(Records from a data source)
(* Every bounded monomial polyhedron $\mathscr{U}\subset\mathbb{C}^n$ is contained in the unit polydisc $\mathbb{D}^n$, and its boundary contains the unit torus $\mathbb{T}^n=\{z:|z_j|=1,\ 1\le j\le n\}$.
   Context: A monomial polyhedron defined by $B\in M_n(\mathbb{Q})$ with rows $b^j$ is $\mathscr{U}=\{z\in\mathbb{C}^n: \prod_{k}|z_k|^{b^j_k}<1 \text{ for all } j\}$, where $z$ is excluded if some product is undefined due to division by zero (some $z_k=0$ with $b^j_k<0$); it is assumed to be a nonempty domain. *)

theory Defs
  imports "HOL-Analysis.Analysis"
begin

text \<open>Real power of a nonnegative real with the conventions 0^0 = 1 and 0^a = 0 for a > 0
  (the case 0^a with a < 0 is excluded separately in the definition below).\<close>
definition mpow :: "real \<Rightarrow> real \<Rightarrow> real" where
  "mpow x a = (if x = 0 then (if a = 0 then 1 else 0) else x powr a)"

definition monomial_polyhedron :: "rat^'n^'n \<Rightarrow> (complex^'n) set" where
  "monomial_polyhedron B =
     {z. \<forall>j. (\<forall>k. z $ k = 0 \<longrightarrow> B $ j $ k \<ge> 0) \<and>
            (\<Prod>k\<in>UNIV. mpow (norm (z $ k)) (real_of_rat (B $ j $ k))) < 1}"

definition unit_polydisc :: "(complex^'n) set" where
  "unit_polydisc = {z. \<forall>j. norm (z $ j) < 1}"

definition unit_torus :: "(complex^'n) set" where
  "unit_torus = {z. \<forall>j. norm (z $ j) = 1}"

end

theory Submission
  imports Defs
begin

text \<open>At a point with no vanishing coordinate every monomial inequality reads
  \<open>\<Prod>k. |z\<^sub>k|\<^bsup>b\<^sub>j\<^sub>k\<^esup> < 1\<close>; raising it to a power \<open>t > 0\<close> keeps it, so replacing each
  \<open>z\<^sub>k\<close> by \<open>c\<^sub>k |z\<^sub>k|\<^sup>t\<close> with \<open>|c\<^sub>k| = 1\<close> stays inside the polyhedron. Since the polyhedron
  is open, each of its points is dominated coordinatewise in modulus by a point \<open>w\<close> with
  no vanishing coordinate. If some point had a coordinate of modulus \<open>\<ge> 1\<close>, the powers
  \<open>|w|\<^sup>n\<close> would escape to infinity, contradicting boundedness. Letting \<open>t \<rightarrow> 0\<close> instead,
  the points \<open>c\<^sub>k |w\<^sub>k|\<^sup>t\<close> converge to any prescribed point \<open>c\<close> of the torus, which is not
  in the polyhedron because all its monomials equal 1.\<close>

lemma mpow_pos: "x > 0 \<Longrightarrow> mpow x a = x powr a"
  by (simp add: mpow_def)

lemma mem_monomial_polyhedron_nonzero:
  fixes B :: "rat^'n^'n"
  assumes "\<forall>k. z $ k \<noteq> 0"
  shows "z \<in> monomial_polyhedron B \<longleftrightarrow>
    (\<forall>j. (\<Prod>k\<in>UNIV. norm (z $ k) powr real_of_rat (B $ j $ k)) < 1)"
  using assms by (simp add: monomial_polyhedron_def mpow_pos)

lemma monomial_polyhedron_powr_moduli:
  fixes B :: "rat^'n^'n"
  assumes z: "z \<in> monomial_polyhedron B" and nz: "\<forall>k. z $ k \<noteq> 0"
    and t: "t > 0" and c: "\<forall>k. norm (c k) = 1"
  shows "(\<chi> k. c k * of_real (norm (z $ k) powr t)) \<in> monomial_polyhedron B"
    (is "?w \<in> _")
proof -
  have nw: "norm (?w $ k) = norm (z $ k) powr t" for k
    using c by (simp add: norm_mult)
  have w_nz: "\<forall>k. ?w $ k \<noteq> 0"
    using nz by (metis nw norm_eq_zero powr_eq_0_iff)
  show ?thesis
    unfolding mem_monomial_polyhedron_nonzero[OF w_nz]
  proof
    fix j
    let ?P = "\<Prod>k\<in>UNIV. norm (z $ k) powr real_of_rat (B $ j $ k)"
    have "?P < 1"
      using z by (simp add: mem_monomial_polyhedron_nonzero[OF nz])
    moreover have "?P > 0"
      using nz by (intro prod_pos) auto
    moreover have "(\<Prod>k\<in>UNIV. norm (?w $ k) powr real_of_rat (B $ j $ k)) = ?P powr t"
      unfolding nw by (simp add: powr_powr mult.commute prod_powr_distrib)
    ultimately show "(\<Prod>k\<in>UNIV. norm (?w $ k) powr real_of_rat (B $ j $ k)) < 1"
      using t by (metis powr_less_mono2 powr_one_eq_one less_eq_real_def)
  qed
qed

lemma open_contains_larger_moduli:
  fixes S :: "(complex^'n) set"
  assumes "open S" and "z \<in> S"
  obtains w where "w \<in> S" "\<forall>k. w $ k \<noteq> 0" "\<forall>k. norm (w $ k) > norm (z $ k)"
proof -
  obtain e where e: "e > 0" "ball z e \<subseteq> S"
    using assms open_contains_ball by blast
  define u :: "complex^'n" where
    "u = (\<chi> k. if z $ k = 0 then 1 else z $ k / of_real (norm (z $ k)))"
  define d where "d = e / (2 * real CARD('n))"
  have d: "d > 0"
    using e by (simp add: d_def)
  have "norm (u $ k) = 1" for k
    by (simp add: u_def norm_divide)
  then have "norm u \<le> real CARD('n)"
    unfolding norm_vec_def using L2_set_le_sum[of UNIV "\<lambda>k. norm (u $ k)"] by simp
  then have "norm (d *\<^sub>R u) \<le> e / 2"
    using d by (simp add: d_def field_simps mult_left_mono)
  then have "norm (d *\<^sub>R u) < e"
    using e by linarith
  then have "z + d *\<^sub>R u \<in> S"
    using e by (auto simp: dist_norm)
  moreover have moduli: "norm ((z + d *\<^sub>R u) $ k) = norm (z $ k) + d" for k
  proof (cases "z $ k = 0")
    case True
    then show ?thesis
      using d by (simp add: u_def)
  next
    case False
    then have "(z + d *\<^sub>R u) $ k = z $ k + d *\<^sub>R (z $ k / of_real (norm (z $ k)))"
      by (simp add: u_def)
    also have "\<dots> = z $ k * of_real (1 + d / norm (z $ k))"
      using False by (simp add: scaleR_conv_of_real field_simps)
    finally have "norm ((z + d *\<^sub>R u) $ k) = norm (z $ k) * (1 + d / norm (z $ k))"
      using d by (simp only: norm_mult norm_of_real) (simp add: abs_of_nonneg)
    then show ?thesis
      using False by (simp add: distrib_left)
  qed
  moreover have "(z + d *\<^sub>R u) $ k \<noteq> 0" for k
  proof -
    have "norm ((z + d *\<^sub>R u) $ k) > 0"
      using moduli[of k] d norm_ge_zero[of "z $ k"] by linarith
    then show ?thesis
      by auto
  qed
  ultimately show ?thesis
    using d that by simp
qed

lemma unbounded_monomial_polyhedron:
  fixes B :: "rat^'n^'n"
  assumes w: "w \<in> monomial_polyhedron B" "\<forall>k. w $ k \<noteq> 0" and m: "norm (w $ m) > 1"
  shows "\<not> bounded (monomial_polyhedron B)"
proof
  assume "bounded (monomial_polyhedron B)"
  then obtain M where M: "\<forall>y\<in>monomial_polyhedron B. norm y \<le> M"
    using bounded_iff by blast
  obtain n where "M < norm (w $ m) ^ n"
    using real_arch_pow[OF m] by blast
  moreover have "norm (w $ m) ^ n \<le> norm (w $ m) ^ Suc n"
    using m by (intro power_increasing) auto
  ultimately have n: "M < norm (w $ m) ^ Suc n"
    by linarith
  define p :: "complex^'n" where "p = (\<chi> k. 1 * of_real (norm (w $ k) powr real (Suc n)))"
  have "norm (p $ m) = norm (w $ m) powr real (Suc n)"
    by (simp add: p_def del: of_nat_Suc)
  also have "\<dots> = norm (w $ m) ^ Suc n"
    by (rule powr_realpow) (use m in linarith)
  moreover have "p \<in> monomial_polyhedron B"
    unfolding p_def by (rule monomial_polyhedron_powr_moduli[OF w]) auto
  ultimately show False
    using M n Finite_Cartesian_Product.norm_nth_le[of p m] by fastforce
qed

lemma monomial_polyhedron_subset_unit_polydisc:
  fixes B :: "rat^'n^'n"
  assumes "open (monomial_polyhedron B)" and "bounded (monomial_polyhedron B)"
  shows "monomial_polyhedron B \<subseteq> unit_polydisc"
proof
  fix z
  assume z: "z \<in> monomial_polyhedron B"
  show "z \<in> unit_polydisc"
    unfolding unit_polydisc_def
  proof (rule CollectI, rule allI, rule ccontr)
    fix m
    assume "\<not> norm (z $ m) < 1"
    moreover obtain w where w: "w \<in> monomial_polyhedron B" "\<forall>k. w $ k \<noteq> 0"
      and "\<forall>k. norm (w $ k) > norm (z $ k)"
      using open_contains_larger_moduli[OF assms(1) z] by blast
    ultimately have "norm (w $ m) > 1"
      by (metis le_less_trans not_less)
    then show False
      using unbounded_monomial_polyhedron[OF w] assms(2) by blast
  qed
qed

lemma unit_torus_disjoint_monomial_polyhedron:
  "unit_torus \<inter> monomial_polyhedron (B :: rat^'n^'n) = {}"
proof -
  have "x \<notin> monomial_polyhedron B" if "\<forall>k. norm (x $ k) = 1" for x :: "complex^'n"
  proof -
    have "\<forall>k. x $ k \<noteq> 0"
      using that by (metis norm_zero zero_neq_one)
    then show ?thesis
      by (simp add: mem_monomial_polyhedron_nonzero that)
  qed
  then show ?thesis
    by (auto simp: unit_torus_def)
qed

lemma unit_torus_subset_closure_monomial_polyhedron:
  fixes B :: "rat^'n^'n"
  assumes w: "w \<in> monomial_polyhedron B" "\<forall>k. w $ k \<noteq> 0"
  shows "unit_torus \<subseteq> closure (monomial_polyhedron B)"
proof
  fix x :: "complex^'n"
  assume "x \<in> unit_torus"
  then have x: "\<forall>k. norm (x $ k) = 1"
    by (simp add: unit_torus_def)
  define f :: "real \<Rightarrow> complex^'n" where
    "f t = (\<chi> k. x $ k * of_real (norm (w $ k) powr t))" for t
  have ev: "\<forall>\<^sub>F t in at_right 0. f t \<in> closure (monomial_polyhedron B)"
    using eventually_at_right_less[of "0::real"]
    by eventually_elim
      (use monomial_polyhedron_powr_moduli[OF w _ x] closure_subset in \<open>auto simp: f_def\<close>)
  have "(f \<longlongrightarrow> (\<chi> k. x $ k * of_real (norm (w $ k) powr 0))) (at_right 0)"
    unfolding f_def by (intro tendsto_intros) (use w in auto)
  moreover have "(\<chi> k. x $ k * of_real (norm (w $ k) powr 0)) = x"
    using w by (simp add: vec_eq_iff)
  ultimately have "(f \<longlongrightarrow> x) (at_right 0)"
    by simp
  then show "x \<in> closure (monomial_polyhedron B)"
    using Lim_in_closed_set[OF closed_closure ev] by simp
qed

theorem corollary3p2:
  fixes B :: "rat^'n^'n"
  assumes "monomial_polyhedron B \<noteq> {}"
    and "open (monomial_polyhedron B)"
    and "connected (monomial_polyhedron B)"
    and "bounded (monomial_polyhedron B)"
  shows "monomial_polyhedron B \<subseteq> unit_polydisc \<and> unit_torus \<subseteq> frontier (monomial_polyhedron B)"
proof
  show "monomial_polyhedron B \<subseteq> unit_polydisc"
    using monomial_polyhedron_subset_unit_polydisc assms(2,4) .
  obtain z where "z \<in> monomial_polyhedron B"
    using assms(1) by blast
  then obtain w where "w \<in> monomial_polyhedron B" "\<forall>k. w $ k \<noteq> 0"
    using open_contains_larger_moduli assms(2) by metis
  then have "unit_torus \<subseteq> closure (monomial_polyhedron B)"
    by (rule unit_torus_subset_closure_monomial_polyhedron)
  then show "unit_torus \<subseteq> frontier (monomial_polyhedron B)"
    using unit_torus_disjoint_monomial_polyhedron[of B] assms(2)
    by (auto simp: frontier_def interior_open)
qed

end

---

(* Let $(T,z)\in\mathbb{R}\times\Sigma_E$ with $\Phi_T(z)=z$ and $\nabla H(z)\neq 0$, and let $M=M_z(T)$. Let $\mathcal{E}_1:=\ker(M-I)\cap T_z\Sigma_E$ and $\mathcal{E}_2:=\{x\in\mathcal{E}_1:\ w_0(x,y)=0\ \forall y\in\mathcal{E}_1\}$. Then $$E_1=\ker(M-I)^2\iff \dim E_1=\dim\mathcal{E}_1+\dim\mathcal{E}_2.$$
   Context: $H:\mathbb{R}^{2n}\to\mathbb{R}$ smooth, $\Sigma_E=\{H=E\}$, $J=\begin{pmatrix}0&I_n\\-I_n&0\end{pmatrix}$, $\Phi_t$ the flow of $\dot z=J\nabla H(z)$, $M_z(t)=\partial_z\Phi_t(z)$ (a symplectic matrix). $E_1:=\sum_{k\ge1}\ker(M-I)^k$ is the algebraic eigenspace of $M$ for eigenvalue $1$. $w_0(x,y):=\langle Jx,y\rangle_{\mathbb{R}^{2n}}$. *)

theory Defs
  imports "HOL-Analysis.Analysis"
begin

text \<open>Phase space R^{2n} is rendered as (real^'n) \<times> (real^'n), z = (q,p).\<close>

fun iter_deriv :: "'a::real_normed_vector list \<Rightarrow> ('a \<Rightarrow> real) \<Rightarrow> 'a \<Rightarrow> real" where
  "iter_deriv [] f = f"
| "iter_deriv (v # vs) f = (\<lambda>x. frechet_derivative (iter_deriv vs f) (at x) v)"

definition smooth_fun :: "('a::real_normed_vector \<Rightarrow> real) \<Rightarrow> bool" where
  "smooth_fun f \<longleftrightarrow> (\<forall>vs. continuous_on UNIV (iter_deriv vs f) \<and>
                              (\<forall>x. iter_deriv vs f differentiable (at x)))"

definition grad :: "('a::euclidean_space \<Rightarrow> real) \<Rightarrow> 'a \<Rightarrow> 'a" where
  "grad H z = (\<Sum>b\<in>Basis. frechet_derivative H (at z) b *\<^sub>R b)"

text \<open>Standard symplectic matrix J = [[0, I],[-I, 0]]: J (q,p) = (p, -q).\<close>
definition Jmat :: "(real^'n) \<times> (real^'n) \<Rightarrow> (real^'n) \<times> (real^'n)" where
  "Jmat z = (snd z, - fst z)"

==

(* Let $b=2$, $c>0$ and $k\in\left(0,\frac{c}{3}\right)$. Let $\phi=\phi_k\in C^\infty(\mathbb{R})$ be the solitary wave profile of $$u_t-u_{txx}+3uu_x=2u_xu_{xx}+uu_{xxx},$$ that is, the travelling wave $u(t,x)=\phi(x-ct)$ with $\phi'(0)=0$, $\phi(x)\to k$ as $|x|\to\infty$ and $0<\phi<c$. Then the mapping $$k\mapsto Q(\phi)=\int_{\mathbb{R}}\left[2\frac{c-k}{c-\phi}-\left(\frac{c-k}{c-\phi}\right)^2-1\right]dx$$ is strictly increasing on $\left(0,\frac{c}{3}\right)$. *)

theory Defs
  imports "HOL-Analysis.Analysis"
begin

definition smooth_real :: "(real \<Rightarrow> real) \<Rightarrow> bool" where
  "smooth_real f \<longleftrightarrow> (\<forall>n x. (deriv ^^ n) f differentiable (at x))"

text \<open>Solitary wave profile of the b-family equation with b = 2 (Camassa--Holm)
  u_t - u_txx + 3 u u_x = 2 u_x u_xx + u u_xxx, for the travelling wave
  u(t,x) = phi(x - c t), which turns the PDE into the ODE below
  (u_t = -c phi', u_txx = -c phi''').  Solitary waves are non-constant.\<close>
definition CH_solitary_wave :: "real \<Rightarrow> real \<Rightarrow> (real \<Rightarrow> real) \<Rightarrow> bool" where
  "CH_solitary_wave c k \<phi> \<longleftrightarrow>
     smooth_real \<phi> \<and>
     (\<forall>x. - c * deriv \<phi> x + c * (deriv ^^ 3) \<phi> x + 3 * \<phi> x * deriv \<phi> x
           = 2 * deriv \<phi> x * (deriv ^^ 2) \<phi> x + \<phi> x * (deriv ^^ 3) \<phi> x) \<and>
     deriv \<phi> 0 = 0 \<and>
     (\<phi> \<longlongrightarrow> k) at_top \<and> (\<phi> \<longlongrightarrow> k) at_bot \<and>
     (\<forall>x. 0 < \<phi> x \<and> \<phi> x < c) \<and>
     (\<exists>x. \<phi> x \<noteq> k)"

:: DESCRIPTION OF THE TASK ::
Return word for word the lines above from the line with "(* Every bounded" to the line with "is open, each", including both and leaving out all others.

:: RESPONSE TO THIS EXERCISE ::
(* Every bounded monomial polyhedron $\mathscr{U}\subset\mathbb{C}^n$ is contained in the unit polydisc $\mathbb{D}^n$, and its boundary contains the unit torus $\mathbb{T}^n=\{z:|z_j|=1,\ 1\le j\le n\}$.
   Context: A monomial polyhedron defined by $B\in M_n(\mathbb{Q})$ with rows $b^j$ is $\mathscr{U}=\{z\in\mathbb{C}^n: \prod_{k}|z_k|^{b^j_k}<1 \text{ for all } j\}$, where $z$ is excluded if some product is undefined due to division by zero (some $z_k=0$ with $b^j_k<0$); it is assumed to be a nonempty domain. *)

theory Defs
  imports "HOL-Analysis.Analysis"
begin

text \<open>Real power of a nonnegative real with the conventions 0^0 = 1 and 0^a = 0 for a > 0
  (the case 0^a with a < 0 is excluded separately in the definition below).\<close>
definition mpow :: "real \<Rightarrow> real \<Rightarrow> real" where
  "mpow x a = (if x = 0 then (if a = 0 then 1 else 0) else x powr a)"

definition monomial_polyhedron :: "rat^'n^'n \<Rightarrow> (complex^'n) set" where
  "monomial_polyhedron B =
     {z. \<forall>j. (\<forall>k. z $ k = 0 \<longrightarrow> B $ j $ k \<ge> 0) \<and>
            (\<Prod>k\<in>UNIV. mpow (norm (z $ k)) (real_of_rat (B $ j $ k))) < 1}"

definition unit_polydisc :: "(complex^'n) set" where
  "unit_polydisc = {z. \<forall>j. norm (z $ j) < 1}"

definition unit_torus :: "(complex^'n) set" where
  "unit_torus = {z. \<forall>j. norm (z $ j) = 1}"

end

theory Submission
  imports Defs
begin

text \<open>At a point with no vanishing coordinate every monomial inequality reads
  \<open>\<Prod>k. |z\<^sub>k|\<^bsup>b\<^sub>j\<^sub>k\<^esup> < 1\<close>; raising it to a power \<open>t > 0\<close> keeps it, so replacing each
  \<open>z\<^sub>k\<close> by \<open>c\<^sub>k |z\<^sub>k|\<^sup>t\<close> with \<open>|c\<^sub>k| = 1\<close> stays inside the polyhedron. Since the polyhedron
  is open, each of its points is dominated coordinatewise in modulus by a point \<open>w\<close> with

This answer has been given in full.